The difference spent time makes…
I wonder to myself as Dave walks by – What changed about that perception of self that Dave had that he no longer wanted to be a Warlock or Raider in some video game then himself in his real life? How is it that our perception of time and how we spend it changes as we become more and less involved in the digital world? Just a few years prior, Dave described his lived experience of not being on the computer as hell, and now he so casually dismissed it that I almost don’t believe it, even to this day. There has to be a factor in the experience of time, somewhere between us perceiving time and us perceiving coexisting with things we feel would naturally help us survive. We really do attempt to meet needs in the most interesting ways. We try to meet our needs much so, that we actively focus on expanding the experience of doing things we enjoy to the point that time itself shifts. Even if this is just perception, it’s still an interesting self soothing strategy that to me as a therapist makes excellent sense. Dave was trying to do this with his computer time, and found a way to apply this skill to more effective means at practical self care in his real life. Hopefully we can appreciate our time more powerfully, and the time of our clients, with technology or not, so that it could be used in this way as well.

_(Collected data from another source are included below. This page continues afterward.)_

lemma tendsto_parabolic_chart: "((\<lambda>e. parabolic_chart e v) \<longlongrightarrow> (v, - (norm v)\<^sup>2 / 2)) (at_right 0)"
proof (rule Lim_transform_eventually)
  let ?N = "\<lambda>e. japanese_bracket (e *\<^sub>R v)"
  have "((\<lambda>e. (v /\<^sub>R ?N e, - (norm v)\<^sup>2 / (?N e * (1 + ?N e))))
      \<longlongrightarrow> (v /\<^sub>R 1, - (norm v)\<^sup>2 / (1 * (1 + 1)))) (at_right 0)"
    by (intro tendsto_intros tendsto_japanese_bracket_scaleR) simp_all
  then show "((\<lambda>e. (v /\<^sub>R ?N e, - (norm v)\<^sup>2 / (?N e * (1 + ?N e))))
      \<longlongrightarrow> (v, - (norm v)\<^sup>2 / 2)) (at_right 0)"
    by simp
  show "\<forall>\<^sub>F e in at_right 0. (v /\<^sub>R ?N e, - (norm v)\<^sup>2 / (?N e * (1 + ?N e))) = parabolic_chart e v"
    using eventually_at_right_less[of 0] by eventually_elim (simp add: parabolic_chart_eq)
qed

definition chart_density :: "('a::euclidean_space \<times> real \<Rightarrow> real) \<Rightarrow> real \<Rightarrow> 'a \<Rightarrow> real"
  where "chart_density chi e v
    = chi (parabolic_chart e v) / japanese_bracket (e *\<^sub>R v) ^ DIM('a \<times> real)"

lemma chart_density_eq_chi_eps:
  fixes chi :: "'a::euclidean_space \<times> real \<Rightarrow> real"
  assumes "0 < e"
  shows "chart_density chi e v = e ^ DIM('a)
    * (chi_eps chi e (sgn (e *\<^sub>R v, 1)) * (1 / japanese_bracket (e *\<^sub>R v) ^ DIM('a \<times> real)))"
proof -
  let ?N = "japanese_bracket (e *\<^sub>R v)" and ?d = "DIM('a)"
  have cancel: "e ^ ?d * e powr - real ?d = 1"
    using assms by (simp add: powr_minus powr_realpow)
  have "e ^ ?d * (chi_eps chi e (sgn (e *\<^sub>R v, 1)) * (1 / ?N ^ DIM('a \<times> real)))
      = (e ^ ?d * e powr - real ?d) * (chi (parabolic_chart e v) / ?N ^ DIM('a \<times> real))"
    unfolding chi_eps_gnomonic[OF assms] by (simp add: mult_ac)
  also have "\<dots> = chart_density chi e v"
    unfolding cancel chart_density_def by simp
  finally show ?thesis
    by (rule sym)
qed

locale bump_function =
  fixes chi :: "'a::euclidean_space \<times> real \<Rightarrow> real"
  assumes continuous: "continuous_on UNIV chi"
    and bounds: "\<And>\<xi>. 0 \<le> chi \<xi> \<and> chi \<xi> \<le> 1"
    and support: "\<And>\<xi>. chi \<xi> \<noteq> 0 \<Longrightarrow> norm \<xi> < 1/2"
begin

lemma borel_measurable_chi [measurable]: "chi \<in> borel_measurable borel"
  using continuous by (rule borel_measurable_continuous_onI)

lemma chi_eps_nonneg: "0 \<le> chi_eps chi e \<theta>"
  by (simp add: chi_eps_def bounds)

lemma chi_eps_le: "chi_eps chi e \<theta> \<le> e powr - real DIM('a)"
  unfolding chi_eps_def by (intro mult_left_le) (simp_all add: bounds)

lemma chi_eps_eq_0_lower:
  assumes "0 < e" "e \<le> 1" "snd \<theta> \<le> 0"
  shows "chi_eps chi e \<theta> = 0"
proof -
  let ?\<xi> = "(fst \<theta> /\<^sub>R e, (snd \<theta> - 1) / e\<^sup>2)"
  have "e\<^sup>2 \<le> 1"
    using assms by (simp add: power_le_one)
  then have "1 \<le> (1 - snd \<theta>) / e\<^sup>2"
    using assms by (simp add: field_simps)
  also have "\<dots> = \<bar>snd ?\<xi>\<bar>"
    using assms by (simp add: abs_divide)
  also have "\<dots> \<le> norm ?\<xi>"
    using norm_snd_le[of "snd ?\<xi>" "fst ?\<xi>"] by simp
  finally have "\<not> norm ?\<xi> < 1/2"
    by simp
  then have "chi ?\<xi> = 0"
    using support by blast
  then show ?thesis
    by (simp add: chi_eps_def)
qed

lemma borel_measurable_chi_eps:
  assumes "0 < e"
  shows "chi_eps chi e \<in> borel_measurable borel"
  unfolding chi_eps_def[abs_def] using assms
  by (intro borel_measurable_continuous_onI continuous_intros continuous_on_compose2[OF continuous]) auto

lemma borel_measurable_f_eps:
  assumes "0 < e" "orthogonal_transformation Q"
  shows "f_eps chi e Q \<in> borel_measurable borel"
  unfolding f_eps_def[abs_def]
  using assms by (intro measurable_compose[OF borel_measurable_linear borel_measurable_chi_eps]
      adjoint_linear orthogonal_transformation_linear)

lemma borel_measurable_chart_density [measurable]: "chart_density chi e \<in> borel_measurable borel"
  unfolding chart_density_def[abs_def] parabolic_chart_def
  by (intro borel_measurable_divide measurable_compose[OF _ borel_measurable_chi]) measurable

lemma chart_density_nonneg: "0 \<le> chart_density chi e v"
  unfolding chart_density_def
  by (intro divide_nonneg_nonneg zero_le_power less_imp_le[OF japanese_bracket_pos]) (simp add: bounds)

This appreciation for time is shown not only by our own relationships with technology, but with how we create the technology which we use daily. As much as we can look at the constant speeding up and growth of technology and find something to be concerned about, the variation and availability of ways to express yourself continues to rise as well. Just like how Dave was able to find ways to express himself which did not involve his online guild, we continue to developing technology which could offer someone, somewhere a more nuanced or emotionally safe strategy for self expression and care. Maybe this speeding up and complication of time and technology isn’t the most horrible dynamic in the world? In the end, it seems that despite the time Dave spend with technology, he doesn’t resent it. Dave only avoids it now, much to his benefit.
How do we create that type of mindfulness in practice that we are able to actually fulfill the full potential of these types of technology and our using them to help others? Maybe only time will tell.